In his new book, Janez Bratovž selected his 20 favorite suppliers, each of whom makes their own food – from urban beekeeper Gorazd Trušnovec, the “mother” of Piran bass Irena Fonda, the only Michelin-starred Slovenian and pickler Joško Sirk, and pumpkin seed oil maker Gorazd Kocbek, to Aleš Winkler, who gave up financial and real estate trading to take on goat farming and cheesemaking. Bratovž devoted two recipes to each ingredient that he receives from his suppliers. But it’s the people who work hard to produce the best possible food who get the most attention.
“Janez changed my view of cuisine, which wasn’t hard, given that I love čevapčiči, prebranac, and burek,” laughs Noah Charney, a committed promoter of Slovenia, who has written about the country in the New York Times, the Guardian, and the Washington Post. Writing this book has given him a new perspective of Slovenia as his home. He visited some places for the first time, including Jeruzalem, which he thought only existed in the Middle East.

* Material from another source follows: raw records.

(* Let $\hat\tau$ be a $\widehat{\mathbb{Z}}$-tropical type of genus $g$ inducing essential types. Then $$0\le k_{\hat\tau}\le\max(2g-1,0),\qquad\text{where } k_{\hat\tau}=b_1(\Gamma)+2\sum_{v\in V_+}g_v-|V_+|.$$
   Context: A $\widehat{\mathbb{Z}}$-tropical type $\hat\tau$ consists of a graph $\Gamma$ (vertices $V$, edges $E$, $n$ legs) with genera $g_v\ge0$ satisfying $\sum_vg_v+b_1(\Gamma)=g$, degrees $d_v\in\mathbb{Z}$, a partition $V=V_0\sqcup V_+$ into external and internal vertices, and slopes $m_{\vec e}=-m_{\overleftarrow e}\in\widehat{\mathbb{Z}}$ satisfying balancing $d_v=\sum_{e\ni v}m_{\vec e}+\sum_{\text{legs }i\text{ at }v}c_i$ in $\widehat{\mathbb{Z}}$ (for given coarse contact orders $c_i$). It induces essential types if every edge joins a vertex of $V_0$ to a vertex of $V_+$ and every $v\in V_+$ has $g_v>0$. *)

theory Defs
  imports Main
begin

text \<open>An element of the profinite completion of the integers is represented as a
compatible family of residues: for every n \<ge> 1 a residue a n in {0..<n}, with
a n mod m = a m whenever m dvd n (the component at 0 is normalised to 0).\<close>

type_synonym zhat = "nat \<Rightarrow> int"

definition Zhat :: "zhat set" where
  "Zhat = {a. a 0 = 0 \<and> (\<forall>n\<ge>1. 0 \<le> a n \<and> a n < int n)
              \<and> (\<forall>m n. 1 \<le> m \<longrightarrow> m dvd n \<longrightarrow> 1 \<le> n \<longrightarrow> a n mod int m = a m)}"

definition zhat_of_int :: "int \<Rightarrow> zhat" where
  "zhat_of_int k = (\<lambda>n. if n = 0 then 0 else k mod int n)"

definition zhat_neg :: "zhat \<Rightarrow> zhat" where
  "zhat_neg a = (\<lambda>n. if n = 0 then 0 else (- a n) mod int n)"

definition zhat_sum :: "('i \<Rightarrow> zhat) \<Rightarrow> 'i set \<Rightarrow> zhat" where
  "zhat_sum f I = (\<lambda>n. if n = 0 then 0 else (\<Sum>i\<in>I. f i n) mod int n)"

definition zhat_add :: "zhat \<Rightarrow> zhat \<Rightarrow> zhat" where
  "zhat_add a b = (\<lambda>n. if n = 0 then 0 else (a n + b n) mod int n)"

text \<open>A graph: finite vertex set V, finite edge set E, each edge e with a chosen
orientation ends e = (source, target) (loops and multi-edges allowed).\<close>

definition conn_rel :: "'v set \<Rightarrow> 'e set \<Rightarrow> ('e \<Rightarrow> 'v \<times> 'v) \<Rightarrow> ('v \<times> 'v) set" where
  "conn_rel V E ends =
     Id_on V \<union> ((\<lambda>e. ends e) ` E \<union> (\<lambda>e. prod.swap (ends e)) ` E)\<^sup>+"

definition n_components :: "'v set \<Rightarrow> 'e set \<Rightarrow> ('e \<Rightarrow> 'v \<times> 'v) \<Rightarrow> nat" where
  "n_components V E ends = card (V // conn_rel V E ends)"

definition betti1 :: "'v set \<Rightarrow> 'e set \<Rightarrow> ('e \<Rightarrow> 'v \<times> 'v) \<Rightarrow> int" where
  "betti1 V E ends = int (card E) - int (card V) + int (n_components V E ends)"

text \<open>Data: vertices V, edges E with endpoints ends, legs L attached via legv,
genera gen, degrees d, partition V = V0 \<union> Vp (external/internal), slopes m e of
the oriented edge (source to target; the reversed orientation has slope -m e),
coarse contact orders c of the legs.\<close>

definition zhat_tropical_type ::
  "nat \<Rightarrow> 'v set \<Rightarrow> 'e set \<Rightarrow> ('e \<Rightarrow> 'v \<times> 'v) \<Rightarrow> 'l set \<Rightarrow> ('l \<Rightarrow> 'v)
   \<Rightarrow> ('v \<Rightarrow> nat) \<Rightarrow> ('v \<Rightarrow> int) \<Rightarrow> 'v set \<Rightarrow> 'v set \<Rightarrow> ('e \<Rightarrow> zhat) \<Rightarrow> ('l \<Rightarrow> zhat) \<Rightarrow> bool"
where
  "zhat_tropical_type g V E ends L legv gen d V0 Vp m c \<longleftrightarrow>
     finite V \<and> finite E \<and> finite L \<and>
     (\<forall>e\<in>E. fst (ends e) \<in> V \<and> snd (ends e) \<in> V) \<and>
     (\<forall>i\<in>L. legv i \<in> V) \<and>
     int (\<Sum>v\<in>V. gen v) + betti1 V E ends = int g \<and>
     V0 \<union> Vp = V \<and> V0 \<inter> Vp = {} \<and>
     (\<forall>e\<in>E. m e \<in> Zhat) \<and> (\<forall>i\<in>L. c i \<in> Zhat) \<and>
     (\<forall>v\<in>V. zhat_of_int (d v) =
        zhat_add
          (zhat_add (zhat_sum m {e\<in>E. fst (ends e) = v})
                    (zhat_sum (\<lambda>e. zhat_neg (m e)) {e\<in>E. snd (ends e) = v}))
          (zhat_sum c {i\<in>L. legv i = v}))"

definition induces_essential_types ::
  "'e set \<Rightarrow> ('e \<Rightarrow> 'v \<times> 'v) \<Rightarrow> ('v \<Rightarrow> nat) \<Rightarrow> 'v set \<Rightarrow> 'v set \<Rightarrow> bool" where
  "induces_essential_types E ends gen V0 Vp \<longleftrightarrow>
     (\<forall>e\<in>E. (fst (ends e) \<in> V0 \<and> snd (ends e) \<in> Vp) \<or> (fst (ends e) \<in> Vp \<and> snd (ends e) \<in> V0)) \<and>
     (\<forall>v\<in>Vp. gen v > 0)"

definition k_hat :: "'v set \<Rightarrow> 'e set \<Rightarrow> ('e \<Rightarrow> 'v \<times> 'v) \<Rightarrow> ('v \<Rightarrow> nat) \<Rightarrow> 'v set \<Rightarrow> int" where
  "k_hat V E ends gen Vp = betti1 V E ends + 2 * int (\<Sum>v\<in>Vp. gen v) - int (card Vp)"

end

theory Submission
  imports Defs
begin

(* Adding one edge to a graph merges at most two connected components, so induction over the
   edges gives |V| <= |E| + #components, i.e. b_1 >= 0.  The rest is arithmetic: internal
   vertices have positive genus, so |V_+| <= S := sum of g_v over V_+ <= g - b_1.  Hence
   k = b_1 + 2S - |V_+| >= b_1 + S >= 0; if V_+ is nonempty then k <= 2(b_1 + S) - 1 <= 2g - 1,
   and otherwise k = b_1 <= g. *)

lemma equiv_related_mem_classes_iff:
  assumes "equiv V r" and "(x, y) \<in> r"
  shows "x \<in> r `` A \<longleftrightarrow> y \<in> r `` A"
  using assms unfolding equiv_def sym_def trans_def by blast

lemma quotient_merge_classes:
  fixes b :: 'a
  assumes r: "equiv V r" and "a \<in> V"
  defines "M \<equiv> r `` {a, b}"
  shows "V // (r \<union> M \<times> M) = insert M (V // r - {r `` {a}, r `` {b}})"
proof -
  have closed: "r `` {x} \<subseteq> M" if "x \<in> M" for x
    using that equiv_related_mem_classes_iff[OF r] unfolding M_def by blast
  have "a \<in> M" using equiv_class_self[OF r \<open>a \<in> V\<close>] unfolding M_def by blast
  show ?thesis
  proof (intro equalityI subsetI)
    fix X assume "X \<in> V // (r \<union> M \<times> M)"
    then obtain x where x: "x \<in> V" "X = (r \<union> M \<times> M) `` {x}" by (rule quotientE)
    show "X \<in> insert M (V // r - {r `` {a}, r `` {b}})"
    proof (cases "x \<in> M")
      case True
      then show ?thesis using x closed by auto
    next
      case False
      then have "X = r `` {x}" "r `` {x} \<noteq> r `` {a}" "r `` {x} \<noteq> r `` {b}"
        using x equiv_class_self[OF r \<open>x \<in> V\<close>] unfolding M_def by auto
      then show ?thesis using x by (auto intro: quotientI)
    qed
  next
    fix X assume "X \<in> insert M (V // r - {r `` {a}, r `` {b}})"
    then show "X \<in> V // (r \<union> M \<times> M)"
    proof
      assume "X = M"
      then have "X = (r \<union> M \<times> M) `` {a}" using \<open>a \<in> M\<close> closed by auto
      then show ?thesis using \<open>a \<in> V\<close> by (auto intro: quotientI)
    next
      assume X: "X \<in> V // r - {r `` {a}, r `` {b}}"
      then obtain x where x: "x \<in> V" "X = r `` {x}" by (auto elim: quotientE)
      have "x \<notin> M"
        using X x equiv_class_eq[OF r] unfolding M_def by blast
      then have "X = (r \<union> M \<times> M) `` {x}" using x by auto
      then show ?thesis using x by (auto intro: quotientI)
    qed
  qed
qed

lemma card_quotient_merge_classes:
  fixes b :: 'a
  assumes r: "equiv V r" and "finite V" and "a \<in> V"
  defines "M \<equiv> r `` {a, b}"
  shows "card (V // r) \<le> card (V // (r \<union> M \<times> M)) + 1"
proof -
  let ?A = "r `` {a}" and ?B = "r `` {b}"
  have fin: "finite (V // r)"
    using finite_quotient[OF \<open>finite V\<close>] r by (simp add: equiv_type)
  have "M \<notin> V // r - {?A, ?B}"
  proof
    assume M: "M \<in> V // r - {?A, ?B}"
    have "?A \<in> V // r" using \<open>a \<in> V\<close> by (rule quotientI)
    moreover have "a \<in> M \<inter> ?A" using equiv_class_self[OF r \<open>a \<in> V\<close>] unfolding M_def by blast
    ultimately show False using quotient_disj[OF r] M by blast
  qed
  then have "card (V // (r \<union> M \<times> M)) = card (V // r - {?A, ?B}) + 1"
    unfolding M_def quotient_merge_classes[OF r \<open>a \<in> V\<close>] using fin by (simp add: M_def)
  moreover have "card (V // r) \<le> card ((V // r - {?A, ?B}) \<union> {?A, ?B})"
    using fin by (intro card_mono) auto
  moreover have "card ((V // r - {?A, ?B}) \<union> {?A, ?B}) \<le> card (V // r - {?A, ?B}) + card {?A, ?B}"
    by (rule card_Un_le)
  moreover have "card {?A, ?B} \<le> 2" by (simp add: card_insert_le_m1)
  ultimately show ?thesis by linarith
qed

definition connectivity :: "'v set \<Rightarrow> ('v \<times> 'v) set \<Rightarrow> ('v \<times> 'v) set" where
  "connectivity V F = Id_on V \<union> (F \<union> F\<inverse>)\<^sup>+"

lemma conn_rel_eq_connectivity: "conn_rel V E ends = connectivity V (ends ` E)"
proof -
  have "(\<lambda>e. prod.swap (ends e)) ` E = (ends ` E)\<inverse>"
  proof (intro set_eqI iffI)
    fix p assume "p \<in> (\<lambda>e. prod.swap (ends e)) ` E"
    then show "p \<in> (ends ` E)\<inverse>" by (auto simp: prod.swap_def)
  next
    fix p assume "p \<in> (ends ` E)\<inverse>"
    then obtain e where "e \<in> E" "prod.swap p = ends e" by (cases p) auto
    then show "p \<in> (\<lambda>e. prod.swap (ends e)) ` E" by (metis image_eqI swap_swap)
  qed
  then show ?thesis
    unfolding conn_rel_def connectivity_def by simp
qed

lemma equiv_connectivity:
  assumes "F \<subseteq> V \<times> V"
  shows "equiv V (connectivity V F)"
proof -
  have "(F \<union> F\<inverse>)\<^sup>+ \<subseteq> V \<times> V"
    using assms by (intro trancl_subset_Sigma) auto
  moreover have "sym ((F \<union> F\<inverse>)\<^sup>+)"
    by (intro sym_trancl) (auto simp: sym_def)
  ultimately show ?thesis
    unfolding connectivity_def equiv_def refl_on_def sym_def trans_def
    by (auto intro: trancl_trans)
qed

lemma connectivity_mono: "F \<subseteq> G \<Longrightarrow> connectivity V F \<subseteq> connectivity V G"
  unfolding connectivity_def by (metis Un_mono converse_mono subset_refl trancl_mono_subset)

lemma connectivity_least:
  assumes "Id_on V \<subseteq> s" and "F \<subseteq> s" and "sym s" and "trans s"
  shows "connectivity V F \<subseteq> s"
proof -
  have "F \<union> F\<inverse> \<subseteq> s" using assms(2,3) by (auto dest: symD)
  then have "(F \<union> F\<inverse>)\<^sup>+ \<subseteq> s" using \<open>trans s\<close> by (metis trancl_id trancl_mono_subset)
  with assms(1) show ?thesis unfolding connectivity_def by blast
qed

lemma connectivity_insert:
  assumes F: "F \<subseteq> V \<times> V" and "a \<in> V" and "b \<in> V"
  defines "r \<equiv> connectivity V F"
  defines "M \<equiv> r `` {a, b}"
  shows "connectivity V (insert (a, b) F) = r \<union> M \<times> M"
proof
  let ?r' = "connectivity V (insert (a, b) F)"
  have r': "equiv V ?r'" using F \<open>a \<in> V\<close> \<open>b \<in> V\<close> by (intro equiv_connectivity) auto
  have "r \<subseteq> ?r'" unfolding r_def by (rule connectivity_mono) blast
  moreover have "(a, b) \<in> ?r'" unfolding connectivity_def by blast
  ultimately have "M \<subseteq> ?r' `` {a}"
    unfolding M_def using equiv_class_eq[OF r' \<open>(a, b) \<in> ?r'\<close>] by blast
  then have "M \<times> M \<subseteq> ?r'" using equiv_class_eq[OF r'] by blast
  with \<open>r \<subseteq> ?r'\<close> show "r \<union> M \<times> M \<subseteq> ?r'" by blast
next
  have r: "equiv V r" unfolding r_def using F by (rule equiv_connectivity)
  have "a \<in> M" "b \<in> M"
    using equiv_class_self[OF r \<open>a \<in> V\<close>] equiv_class_self[OF r \<open>b \<in> V\<close>] unfolding M_def by auto
  moreover have "F \<subseteq> r" unfolding r_def connectivity_def by auto
  ultimately have "insert (a, b) F \<subseteq> r \<union> M \<times> M" by blast
  moreover have "Id_on V \<subseteq> r" unfolding r_def connectivity_def by blast
  moreover have "sym (r \<union> M \<times> M)" using r by (auto simp: equiv_def sym_def)
  moreover have "trans (r \<union> M \<times> M)"
  proof (rule transI)
    fix x y z assume xy: "(x, y) \<in> r \<union> M \<times> M" and yz: "(y, z) \<in> r \<union> M \<times> M"
    have "x \<in> M \<longleftrightarrow> y \<in> M" if "(x, y) \<in> r" for x y
      unfolding M_def using equiv_related_mem_classes_iff[OF r that] .
    with xy yz have "x \<in> M \<longleftrightarrow> z \<in> M" by blast
    moreover have "trans r" using r by (simp add: equiv_def)
    ultimately show "(x, z) \<in> r \<union> M \<times> M"
      using xy yz transD[OF \<open>trans r\<close>] by blast
  qed
  ultimately show "connectivity V (insert (a, b) F) \<subseteq> r \<union> M \<times> M"
    by (intro connectivity_least) auto
qed

lemma card_le_card_plus_card_components:
  assumes "finite V" and "finite F" and "F \<subseteq> V \<times> V"
  shows "card V \<le> card F + card (V // connectivity V F)"
  using assms(2,3)
proof (induction F rule: finite_induct)
  case empty
  have "V // connectivity V {} = (\<lambda>x. {x}) ` V"
    unfolding connectivity_def quotient_def by auto
  then show ?case by (simp add: card_image)
next
  case (insert p F)
  obtain a b where p: "p = (a, b)" by (cases p)
  with insert.prems have F: "F \<subseteq> V \<times> V" and "a \<in> V" "b \<in> V" by auto
  have "card (V // connectivity V F) \<le> card (V // connectivity V (insert p F)) + 1"
    unfolding p connectivity_insert[OF F \<open>a \<in> V\<close> \<open>b \<in> V\<close>]
    using equiv_connectivity[OF F] \<open>finite V\<close> \<open>a \<in> V\<close>
    by (rule card_quotient_merge_classes)
  with insert.IH[OF F] insert.hyps show ?case by simp
qed

lemma betti1_nonneg:
  assumes "finite V" and "finite E" and "\<forall>e\<in>E. fst (ends e) \<in> V \<and> snd (ends e) \<in> V"
  shows "0 \<le> betti1 V E ends"
proof -
  have "ends ` E \<subseteq> V \<times> V" using assms(3) by (auto simp: mem_Times_iff image_subset_iff)
  with assms(1,2) have "card V \<le> card (ends ` E) + n_components V E ends"
    unfolding n_components_def conn_rel_eq_connectivity
    by (intro card_le_card_plus_card_components) auto
  moreover have "card (ends ` E) \<le> card E" using assms(2) by (rule card_image_le)
  ultimately show ?thesis unfolding betti1_def by linarith
qed

theorem lemma3p5p5:
  fixes g :: nat and V :: "'v set" and E :: "'e set" and ends :: "'e \<Rightarrow> 'v \<times> 'v"
    and L :: "'l set" and legv :: "'l \<Rightarrow> 'v" and gen :: "'v \<Rightarrow> nat" and d :: "'v \<Rightarrow> int"
    and V0 Vp :: "'v set" and m :: "'e \<Rightarrow> zhat" and c :: "'l \<Rightarrow> zhat"
  assumes "zhat_tropical_type g V E ends L legv gen d V0 Vp m c"
    and "induces_essential_types E ends gen V0 Vp"
  shows "0 \<le> k_hat V E ends gen Vp \<and> k_hat V E ends gen Vp \<le> max (2 * int g - 1) 0"
proof -
  note T = assms(1)[unfolded zhat_tropical_type_def]
  have "Vp \<subseteq> V" and "finite V" using T by auto
  have "0 \<le> betti1 V E ends" using T by (intro betti1_nonneg) auto
  moreover have "int (\<Sum>v\<in>V. gen v) + betti1 V E ends = int g" using T by blast
  moreover have "(\<Sum>v\<in>Vp. gen v) \<le> (\<Sum>v\<in>V. gen v)"
    using \<open>Vp \<subseteq> V\<close> \<open>finite V\<close> by (intro sum_mono2) auto
  moreover have "card Vp \<le> (\<Sum>v\<in>Vp. gen v)"
    using assms(2) unfolding induces_essential_types_def card_eq_sum
    by (intro sum_mono) (auto simp: Suc_le_eq)
  moreover have "card Vp = 0 \<longrightarrow> (\<Sum>v\<in>Vp. gen v) = 0"
    using \<open>Vp \<subseteq> V\<close> \<open>finite V\<close> finite_subset by fastforce
  ultimately show ?thesis unfolding k_hat_def by linarith
qed

end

Noah traveled around Slovenia along with Bratovž and leading photographer Matjaž Tančič, who lives in Beijing and was recognized as the best 3D photographer in the world in 2013. The team visited twelve remote locations, from where Bratovž sources his ingredients – they ranged from the Adriatic coast, the Alps, the Pannonian plain, Croatian Istria and the Gulf of Kvarner, all the way to the Collio hill country in Italy. “Janez is like a goat. We walk across a field and I see grasses, but he sees salads,” explains Charney, who was particularly fascinated by the people through which Bratovž’s culinary philosophy comes to the forefront. Among them are Primož and Polona Krišelj, who breed Krško Polje and Mangulitsa pigs at their eco-farm known as Pri Šuštarju. The two breeds have an unusually high fat content and are highly sought-after by connoisseurs and leading chefs. Bratovž likes to remind people that they should not be afraid of fat. Instead, they should know how to use it and understand which varieties are good for them.